Cartas abertas publicadas na última semana explicam, ponto a ponto, porque as propostas de atividades pedagógicas não presenciais pelo Conselho Nacional de Educação (CNE), além de conselhos e secretarias estaduais e municipais, “se revela[m] mais do que uma ilusão, e até uma farsa”. “Não é hora de salvar o ano letivo, é hora de salvar vidas!”, aduzem as entidades.
E apresentam propostas que de fato preservam os princípios constitucionais da Educação em seu sentido mais amplo, considerando as distintas realidades dos estudantes das redes públicas e privada.
Em sua nota pública, o Comitê de Educação do Campo do Espírito Santo (Comeces) ressalta que “o papel das escolas do campo, nesse momento, é de fortalecer ainda mais a relação com as famílias, no sentido de orientá-las quanto aos cuidados necessários para que se protejam, nesse período de pandemia e contribuir para que tenham acesso aos recursos disponibilizados pelo governo.

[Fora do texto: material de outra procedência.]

(* Let $P\subseteq[0,1]^n$ be a polytope and $c\in\mathbb{R}^n$, and consider the instance $\mathcal{I}$: $\max\{c^\top x: x\in P\cap\{0,1\}^n\}$. Let $Q\subseteq[0,1]^{2n}$ be the convex hull of all points $(x,y)$ where $x$ is a vertex of $P$ and, for each $i$, $y_i=1$ if $x_i\in\{0,1\}$ and $y_i=0$ if $x_i\in(0,1)$. Let $BDG(\mathcal{I})$ be the instance $\max\{c^\top x:(x,y)\in Q,\ x\in\{0,1\}^n,\ y\in\{0,1\}^n\}$. Then $\{x:(x,y)\in Q\cap\{0,1\}^{2n}\}=P\cap\{0,1\}^n$ (so $BDG(\mathcal{I})$ is equivalent to $\mathcal{I}$), and there exists a branch-and-bound tree $\mathcal{T}^*(BDG(\mathcal{I}))$ that solves $BDG(\mathcal{I})$ with $|\mathcal{T}^*(BDG(\mathcal{I}))|\le 4n+1$.
   Context: A branch-and-bound tree for a binary program over a polytope is a rooted binary tree in which each node corresponds to the polytope intersected with constraints fixing some variables to $0$ or $1$ (those fixed on the path from the root), and each internal node branches on one binary variable $z$, its two children adding $z=0$ and $z=1$ respectively. The tree solves the instance if at every leaf the LP relaxation is infeasible, or its optimal solution (an extreme point) is integral, or its value is no better than the best integral solution found at the leaves. $|\mathcal{T}|$ denotes the number of nodes. *)

theory Defs
  imports "HOL-Analysis.Analysis"
begin

text \<open>Generic branch-and-bound trees. Branching variables are indexed by type 'v; the
value of variable v at a point p of the ambient space is coord v p.\<close>

datatype 'v bbtree = Leaf | Branch 'v "'v bbtree" "'v bbtree"

fun bb_size :: "'v bbtree \<Rightarrow> nat" where
  "bb_size Leaf = 1"
| "bb_size (Branch v l r) = 1 + bb_size l + bb_size r"

fun bb_leaf_regions :: "('v \<Rightarrow> 'a \<Rightarrow> real) \<Rightarrow> 'a set \<Rightarrow> 'v bbtree \<Rightarrow> 'a set set" where
  "bb_leaf_regions coord R Leaf = {R}"
| "bb_leaf_regions coord R (Branch v l r) =
     bb_leaf_regions coord (R \<inter> {p. coord v p = 0}) l \<union>
     bb_leaf_regions coord (R \<inter> {p. coord v p = 1}) r"

definition lp_optimal :: "('a \<Rightarrow> real) \<Rightarrow> 'a set \<Rightarrow> 'a \<Rightarrow> bool" where
  "lp_optimal f R p \<longleftrightarrow> p \<in> R \<and> (\<forall>q\<in>R. f q \<le> f p)"

definition lp_value :: "('a \<Rightarrow> real) \<Rightarrow> 'a set \<Rightarrow> real" where
  "lp_value f R = Sup (f ` R)"

definition bb_integral :: "('v \<Rightarrow> 'a \<Rightarrow> real) \<Rightarrow> 'a \<Rightarrow> bool" where
  "bb_integral coord p \<longleftrightarrow> (\<forall>v. coord v p \<in> {0, 1})"

definition integral_leaf :: "('v \<Rightarrow> 'a::real_vector \<Rightarrow> real) \<Rightarrow> ('a \<Rightarrow> real) \<Rightarrow> 'a set \<Rightarrow> bool" where
  "integral_leaf coord f L \<longleftrightarrow>
     (\<exists>p. lp_optimal f L p \<and> p extreme_point_of L \<and> bb_integral coord p)"

definition bb_solves :: "('v \<Rightarrow> 'a::real_vector \<Rightarrow> real) \<Rightarrow> ('a \<Rightarrow> real) \<Rightarrow> 'a set \<Rightarrow> 'v bbtree \<Rightarrow> bool" where
  "bb_solves coord f R T \<longleftrightarrow>
     (\<forall>L \<in> bb_leaf_regions coord R T.
        L = {} \<or> integral_leaf coord f L \<or>
        (\<exists>L' \<in> bb_leaf_regions coord R T. integral_leaf coord f L' \<and> lp_value f L \<le> lp_value f L'))"

text \<open>Variables of BDG: Inl i is x_i, Inr i is y_i.\<close>
definition bdg_coord :: "'n + 'n \<Rightarrow> (real^'n) \<times> (real^'n) \<Rightarrow> real" where
  "bdg_coord v p = (case v of Inl i \<Rightarrow> fst p $ i | Inr i \<Rightarrow> snd p $ i)"

definition binary_vec :: "real^'n \<Rightarrow> bool" where
  "binary_vec x \<longleftrightarrow> (\<forall>i. x $ i \<in> {0, 1})"

definition bdg_indicator :: "real^'n \<Rightarrow> real^'n" where
  "bdg_indicator x = (\<chi> i. if x $ i \<in> {0, 1} then 1 else 0)"

definition bdg_polytope :: "(real^'n) set \<Rightarrow> ((real^'n) \<times> (real^'n)) set" where
  "bdg_polytope P = convex hull {(x, bdg_indicator x) | x. x extreme_point_of P}"

end

theory Submission imports Defs begin

text \<open>Binary points of a subset of the unit cube are extreme points, so the binary points of Q
project onto the binary points of P. The tree branches on y_1, \<dots>, y_n in turn and, below each
y_i = 0, on x_i. Q \<inter> {y_i = 0} is a face of Q all of whose vertices have 0 < x_i < 1, so
it lies in that open slab and both leaves below y_i = 0 are empty. The last leaf Q \<inter> {y = 1}
is a face of Q all of whose vertices are integral, so a linear objective attains its maximum
there at an integral extreme point.\<close>

lemma convex_combination_binary_eq:
  fixes u a b :: real
  assumes "0 < u" "u < 1" "a \<in> {0..1}" "b \<in> {0..1}" "(1 - u) * a + u * b \<in> {0, 1}"
  shows "a = b"
proof -
  have nonneg: "(1 - u) * a \<ge> 0" "u * b \<ge> 0" "(1 - u) * (1 - a) \<ge> 0" "u * (1 - b) \<ge> 0"
    using assms by auto
  consider "(1 - u) * a + u * b = 0" | "(1 - u) * (1 - a) + u * (1 - b) = 0"
    using assms(5) by (auto simp: algebra_simps)
  then show ?thesis
    by cases (use nonneg assms in \<open>auto simp: add_nonneg_eq_0_iff\<close>)
qed

lemma binary_vec_extreme_point_of:
  fixes P :: "(real^'n) set"
  assumes "P \<subseteq> cbox 0 1" "x \<in> P" "binary_vec x"
  shows "x extreme_point_of P"
  unfolding extreme_point_of_def
proof (intro conjI ballI notI \<open>x \<in> P\<close>)
  fix a b assume ab: "a \<in> P" "b \<in> P" "x \<in> open_segment a b"
  then obtain u where u: "a \<noteq> b" "0 < u" "u < 1" "x = (1 - u) *\<^sub>R a + u *\<^sub>R b"
    by (auto simp: in_segment)
  have "a $ i = b $ i" for i
  proof (rule convex_combination_binary_eq[OF u(2,3)])
    show "a $ i \<in> {0..1}" "b $ i \<in> {0..1}"
      using assms(1) ab by (auto simp: mem_box_cart)
    show "(1 - u) * a $ i + u * b $ i \<in> {0, 1}"
      using \<open>binary_vec x\<close> u(4) by (auto simp: binary_vec_def)
  qed
  then show False
    using u(1) by (simp add: vec_eq_iff)
qed

lemma face_of_convex_hull_subset_convex:
  fixes S :: "'a::euclidean_space set"
  assumes "compact S" "F face_of convex hull S" "convex C" "S \<inter> F \<subseteq> C"
  shows "F \<subseteq> C"
proof -
  obtain S' where "S' \<subseteq> S" "F = convex hull S'"
    using face_of_convex_hull_subset[OF assms(1,2)] by blast
  then show ?thesis
    using assms(3,4) hull_subset[of S' convex] by (metis hull_minimal le_inf_iff subset_trans)
qed

lemma extreme_point_maximizing_inner:
  fixes S :: "'a::euclidean_space set"
  assumes "compact S" "convex S" "S \<noteq> {}"
  obtains e where "e extreme_point_of S" "\<forall>q\<in>S. a \<bullet> q \<le> a \<bullet> e"
proof -
  have "continuous_on S (\<lambda>p. a \<bullet> p)"
    by (intro continuous_intros)
  then obtain m where m: "m \<in> S" "\<forall>q\<in>S. a \<bullet> q \<le> a \<bullet> m"
    using continuous_attains_sup[OF assms(1,3)] by blast
  define M where "M = S \<inter> {p. a \<bullet> p = a \<bullet> m}"
  have face: "M face_of S"
    unfolding M_def using m by (intro face_of_Int_supporting_hyperplane_le assms) auto
  have "compact M" "convex M" "M \<noteq> {}"
    using face_of_imp_compact[OF assms(2,1) face] face_of_imp_convex[OF face] m
    by (auto simp: M_def)
  then obtain e where e: "e extreme_point_of M"
    using extreme_point_exists_convex by blast
  show ?thesis
  proof
    show "e extreme_point_of S"
      using e extreme_point_of_face[OF face] by blast
    show "\<forall>q\<in>S. a \<bullet> q \<le> a \<bullet> e"
      using e m by (auto simp: M_def extreme_point_of_def)
  qed
qed

lemma integral_leaf_face_of_convex_hull:
  fixes S :: "'a::euclidean_space set"
  assumes "finite S" "L face_of convex hull S" "L \<noteq> {}" "\<forall>s\<in>S \<inter> L. bb_integral coord s"
  shows "integral_leaf coord (\<lambda>p. a \<bullet> p) L"
proof -
  have hull: "compact (convex hull S)" "convex (convex hull S)"
    using assms(1) by (auto simp: compact_convex_hull finite_imp_compact)
  have "compact L" "convex L"
    using face_of_imp_compact[OF hull(2,1) assms(2)] face_of_imp_convex[OF assms(2)] by auto
  then obtain e where e: "e extreme_point_of L" "\<forall>q\<in>L. a \<bullet> q \<le> a \<bullet> e"
    using extreme_point_maximizing_inner assms(3) by blast
  have "e \<in> S" "e \<in> L"
    using e(1) extreme_point_of_face[OF assms(2)] extreme_point_of_convex_hull
    by (blast, simp add: extreme_point_of_def)
  then show ?thesis
    unfolding integral_leaf_def lp_optimal_def using e assms(4) by blast
qed

definition bdg_vertices :: "(real^'n) set \<Rightarrow> ((real^'n) \<times> (real^'n)) set" where
  "bdg_vertices P = (\<lambda>x. (x, bdg_indicator x)) ` {x. x extreme_point_of P}"

lemma bdg_polytope_eq_hull_vertices: "bdg_polytope P = convex hull bdg_vertices P"
  unfolding bdg_polytope_def bdg_vertices_def by (simp add: setcompr_eq_image)

lemma finite_bdg_vertices: "polytope P \<Longrightarrow> finite (bdg_vertices P)"
  unfolding bdg_vertices_def
  by (simp add: finite_polyhedron_extreme_points polytope_imp_polyhedron)

lemma bdg_indicator_in_unit_cube: "bdg_indicator x \<in> cbox 0 1"
  by (simp add: mem_box_cart bdg_indicator_def)

lemma bdg_polytope_subset_Times: "convex P \<Longrightarrow> bdg_polytope P \<subseteq> P \<times> cbox 0 1"
  unfolding bdg_polytope_eq_hull_vertices bdg_vertices_def
  by (rule hull_minimal)
     (auto simp: convex_Times bdg_indicator_in_unit_cube extreme_point_of_def)

lemma binary_points_bdg_polytope:
  fixes P :: "(real^'n) set"
  assumes "convex P" "P \<subseteq> cbox 0 1"
  shows "{x. \<exists>y. (x, y) \<in> bdg_polytope P \<and> binary_vec x \<and> binary_vec y}
         = P \<inter> {x. binary_vec x}"
proof
  show "{x. \<exists>y. (x, y) \<in> bdg_polytope P \<and> binary_vec x \<and> binary_vec y} \<subseteq> P \<inter> {x. binary_vec x}"
    using bdg_polytope_subset_Times[OF assms(1)] by blast
next
  have "(x, bdg_indicator x) \<in> bdg_polytope P \<and> binary_vec (bdg_indicator x)"
    if "x \<in> P" "binary_vec x" for x
    using binary_vec_extreme_point_of[OF assms(2) that]
    by (auto simp: bdg_polytope_eq_hull_vertices bdg_vertices_def binary_vec_def
        bdg_indicator_def intro!: hull_inc)
  then show "P \<inter> {x. binary_vec x} \<subseteq> {x. \<exists>y. (x, y) \<in> bdg_polytope P \<and> binary_vec x \<and> binary_vec y}"
    by blast
qed

lemma inner_Pair_zero_axis: "((0::real^'m), axis i (1::real)) \<bullet> p = snd p $ i"
  by (cases p) (simp add: inner_commute[of "axis i 1"] inner_axis)

lemma bdg_polytope_fractional_if_indicator_zero:
  fixes P :: "(real^'n) set"
  assumes "polytope P" "P \<subseteq> cbox 0 1" "p \<in> bdg_polytope P" "snd p $ i = 0"
  shows "fst p $ i \<in> {0<..<1}"
proof -
  define Q where "Q = bdg_polytope P"
  define F where "F = Q \<inter> {p. ((0::real^'n), axis i (1::real)) \<bullet> p = 0}"
  have Q_cube: "Q \<subseteq> P \<times> cbox 0 1"
    unfolding Q_def by (intro bdg_polytope_subset_Times polytope_imp_convex assms(1))
  have "F face_of Q"
    unfolding F_def using Q_cube
    by (intro face_of_Int_supporting_hyperplane_ge)
       (auto simp: Q_def bdg_polytope_def inner_Pair_zero_axis mem_box_cart)
  then have "F face_of convex hull bdg_vertices P"
    by (simp add: Q_def bdg_polytope_eq_hull_vertices)
  moreover have "convex {p::(real^'n) \<times> (real^'n). fst p $ i \<in> {0<..<1}}"
    using convex_linear_vimage[of "\<lambda>p. fst p $ i" "{0<..<1::real}"]
    by (simp add: vimage_def linear_iff)
  moreover have "bdg_vertices P \<inter> F \<subseteq> {p. fst p $ i \<in> {0<..<1}}"
    using assms(2)
    by (force simp: F_def bdg_vertices_def inner_Pair_zero_axis bdg_indicator_def
        extreme_point_of_def mem_box_cart order.order_iff_strict)
  ultimately have "F \<subseteq> {p. fst p $ i \<in> {0<..<1}}"
    using face_of_convex_hull_subset_convex finite_bdg_vertices[OF assms(1)] finite_imp_compact
    by blast
  then show ?thesis
    using assms(3,4) by (auto simp: F_def Q_def inner_Pair_zero_axis)
qed
(* Let $G=\mathbb Z\ast\mathbb Z^2=\langle t\rangle\ast\langle a,b\mid [a,b]\rangle$ and let $\varphi$ be the automorphism of $G$ with $\varphi(t)=ta$, $\varphi(a)=a$, $\varphi(b)=b$. Then $\operatorname{Fix}(\varphi)=\langle a,b\rangle\ast t\langle a,b\rangle t^{-1}\cong\mathbb Z^2\ast\mathbb Z^2$, so $\operatorname{rk}(\operatorname{Fix}(\varphi))=4=2(\operatorname{rk}(G)-1)$; thus the bound $n(\operatorname{rk}(G)-n+1)$ for endomorphisms of a free product of $n$ free abelian groups is attained.
   Context: $\operatorname{rk}$ is the minimal number of generators; $\operatorname{Fix}(\varphi)=\{g\mid\varphi(g)=g\}$. *)

theory Defs
  imports "HOL-Algebra.Algebra"
begin

fun fp_reduced :: "('a, 'c) monoid_scheme \<Rightarrow> ('b, 'd) monoid_scheme \<Rightarrow> ('a + 'b) list \<Rightarrow> bool" where
  "fp_reduced G H [] = True"
| "fp_reduced G H [Inl x] = (x \<in> carrier G \<and> x \<noteq> \<one>\<^bsub>G\<^esub>)"
| "fp_reduced G H [Inr y] = (y \<in> carrier H \<and> y \<noteq> \<one>\<^bsub>H\<^esub>)"
| "fp_reduced G H (Inl x # Inl x' # w) = False"
| "fp_reduced G H (Inr y # Inr y' # w) = False"
| "fp_reduced G H (Inl x # Inr y # w) =
     (x \<in> carrier G \<and> x \<noteq> \<one>\<^bsub>G\<^esub> \<and> fp_reduced G H (Inr y # w))"
| "fp_reduced G H (Inr y # Inl x # w) =
     (y \<in> carrier H \<and> y \<noteq> \<one>\<^bsub>H\<^esub> \<and> fp_reduced G H (Inl x # w))"

fun fp_cons :: "('a, 'c) monoid_scheme \<Rightarrow> ('b, 'd) monoid_scheme \<Rightarrow> ('a + 'b) \<Rightarrow> ('a + 'b) list \<Rightarrow> ('a + 'b) list" where
  "fp_cons G H (Inl x) [] = (if x = \<one>\<^bsub>G\<^esub> then [] else [Inl x])"
| "fp_cons G H (Inr y) [] = (if y = \<one>\<^bsub>H\<^esub> then [] else [Inr y])"
| "fp_cons G H (Inl x) (Inl x' # w) =
     (if x \<otimes>\<^bsub>G\<^esub> x' = \<one>\<^bsub>G\<^esub> then w else Inl (x \<otimes>\<^bsub>G\<^esub> x') # w)"
| "fp_cons G H (Inr y) (Inr y' # w) =
     (if y \<otimes>\<^bsub>H\<^esub> y' = \<one>\<^bsub>H\<^esub> then w else Inr (y \<otimes>\<^bsub>H\<^esub> y') # w)"
| "fp_cons G H (Inl x) (Inr y # w) =
     (if x = \<one>\<^bsub>G\<^esub> then Inr y # w else Inl x # Inr y # w)"
| "fp_cons G H (Inr y) (Inl x # w) =
     (if y = \<one>\<^bsub>H\<^esub> then Inl x # w else Inr y # Inl x # w)"

definition fp_normalize :: "('a, 'c) monoid_scheme \<Rightarrow> ('b, 'd) monoid_scheme \<Rightarrow> ('a + 'b) list \<Rightarrow> ('a + 'b) list" where
  "fp_normalize G H w = foldr (fp_cons G H) w []"

definition free_prod :: "('a, 'c) monoid_scheme \<Rightarrow> ('b, 'd) monoid_scheme \<Rightarrow> ('a + 'b) list monoid" where
  "free_prod G H = \<lparr> carrier = {w. fp_reduced G H w},
                     monoid.mult = (\<lambda>u v. fp_normalize G H (u @ v)),
                     one = [] \<rparr>"

definition group_rank :: "('a, 'c) monoid_scheme \<Rightarrow> nat" where
  "group_rank G = (LEAST n. \<exists>S. S \<subseteq> carrier G \<and> finite S \<and> card S = n \<and> generate G S = carrier G)"

definition Fix :: "('a, 'c) monoid_scheme \<Rightarrow> ('a \<Rightarrow> 'a) \<Rightarrow> 'a set" where
  "Fix G \<phi> = {g \<in> carrier G. \<phi> g = g}"

abbreviation Z2 :: "(int \<times> int) monoid" where
  "Z2 \<equiv> integer_group \<times>\<times> integer_group"

definition GZ :: "(int + int \<times> int) list monoid" where
  "GZ = free_prod integer_group Z2"

definition gen_t :: "(int + int \<times> int) list" where "gen_t = [Inl 1]"
definition gen_a :: "(int + int \<times> int) list" where "gen_a = [Inr (1, 0)]"
definition gen_b :: "(int + int \<times> int) list" where "gen_b = [Inr (0, 1)]"

text \<open>The endomorphism determined by \<open>t \<mapsto> ta, a \<mapsto> a, b \<mapsto> b\<close>:
  a letter \<open>t^n\<close> is sent to \<open>(ta)^n\<close>, a letter \<open>a^i b^j\<close> is fixed, and the
  images of the letters are multiplied in \<open>GZ\<close>.\<close>
definition phi_letter :: "int + int \<times> int \<Rightarrow> (int + int \<times> int) list" where
  "phi_letter l = (case l of
       Inl n \<Rightarrow> (gen_t \<otimes>\<^bsub>GZ\<^esub> gen_a) [^]\<^bsub>GZ\<^esub> n
     | Inr p \<Rightarrow> [Inr p])"

definition phi :: "(int + int \<times> int) list \<Rightarrow> (int + int \<times> int) list" where
  "phi w = foldr (\<lambda>l acc. phi_letter l \<otimes>\<^bsub>GZ\<^esub> acc) w \<one>\<^bsub>GZ\<^esub>"

end

theory Submission
  imports Defs
begin

text \<open>Every element of \<open>\<langle>t\<rangle> * \<langle>a, b\<rangle>\<close> has a unique normal form
  \<open>h\<^sub>0 t\<^bsup>e\<^sub>1\<^esup> h\<^sub>1 \<cdots> t\<^bsup>e\<^sub>k\<^esup> h\<^sub>k\<close> with \<open>e\<^sub>i = \<plusminus>1\<close> and \<open>h\<^sub>i \<in> \<langle>a, b\<rangle>\<close>.  Since \<open>\<phi>(t) = t a\<close> and
  \<open>\<phi>(t\<inverse>) = a\<inverse> t\<inverse>\<close>, the automorphism \<open>\<phi>\<close> keeps the exponents \<open>e\<^sub>i\<close> and only moves powers
  of \<open>a\<close> between neighbouring \<open>h\<^sub>i\<close>; comparing normal forms, an element is fixed exactly when
  its exponents read \<open>1, -1, 1, -1, \<dots>\<close>, i.e.\ when it is a product of elements of
  \<open>\<langle>a, b\<rangle>\<close> and \<open>t \<langle>a, b\<rangle> t\<inverse>\<close>.  The same normal forms show that these two subgroups
  generate their free product, so \<open>Fix \<phi> \<cong> \<int>\<^sup>2 * \<int>\<^sup>2\<close>.  For the ranks, \<open>n\<close> generators have at
  most \<open>2\<^sup>n\<close> products in an elementary abelian \<open>2\<close>-group, while \<open>G\<close> and \<open>Fix \<phi>\<close> map onto
  \<open>(\<int>/2)\<^sup>3\<close> and \<open>(\<int>/2)\<^sup>4\<close>.\<close>

section \<open>Free products of two groups\<close>

definition fp_lift :: "('k, 'e) monoid_scheme \<Rightarrow> ('a \<Rightarrow> 'k) \<Rightarrow> ('b \<Rightarrow> 'k) \<Rightarrow> ('a + 'b) list \<Rightarrow> 'k" where
  "fp_lift K f g w = foldr (\<lambda>l acc. case_sum f g l \<otimes>\<^bsub>K\<^esub> acc) w \<one>\<^bsub>K\<^esub>"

Busca, portanto, difundir informações e conhecimentos contextualizados, que contribuam na preservação da vida”.
Mas que, “infelizmente, observamos que as decisões tomadas na área educacional, tanto na esfera nacional quanto estadual, apontam em outro sentido”, pois “legitimam desde o início do isolamento social a inserção do Ensino à Distância (EAD), em versões improvisadas na forma de ‘ensino remoto’, que segue a lógica do mercado”.
No caso específico do Espírito Santo, expõe, as Atividades Pedagógicas Não Presenciais” (APNPs), traduzidas no Programa EscoLAR, evidenciam “a crescente exploração da força de trabalho dos professores e o aumento da exclusão, inclusive dos estudantes, pois muitos não têm acesso a uma estrutura tecnológica e emocional. Moram em lugares que não têm nem sinal de televisão e muitas famílias não têm sequer condições de acesso a um celular”. Além da grande diferença de perspectiva, as atividades previstas no programa “trazem no seu bojo muitas inconsistências”.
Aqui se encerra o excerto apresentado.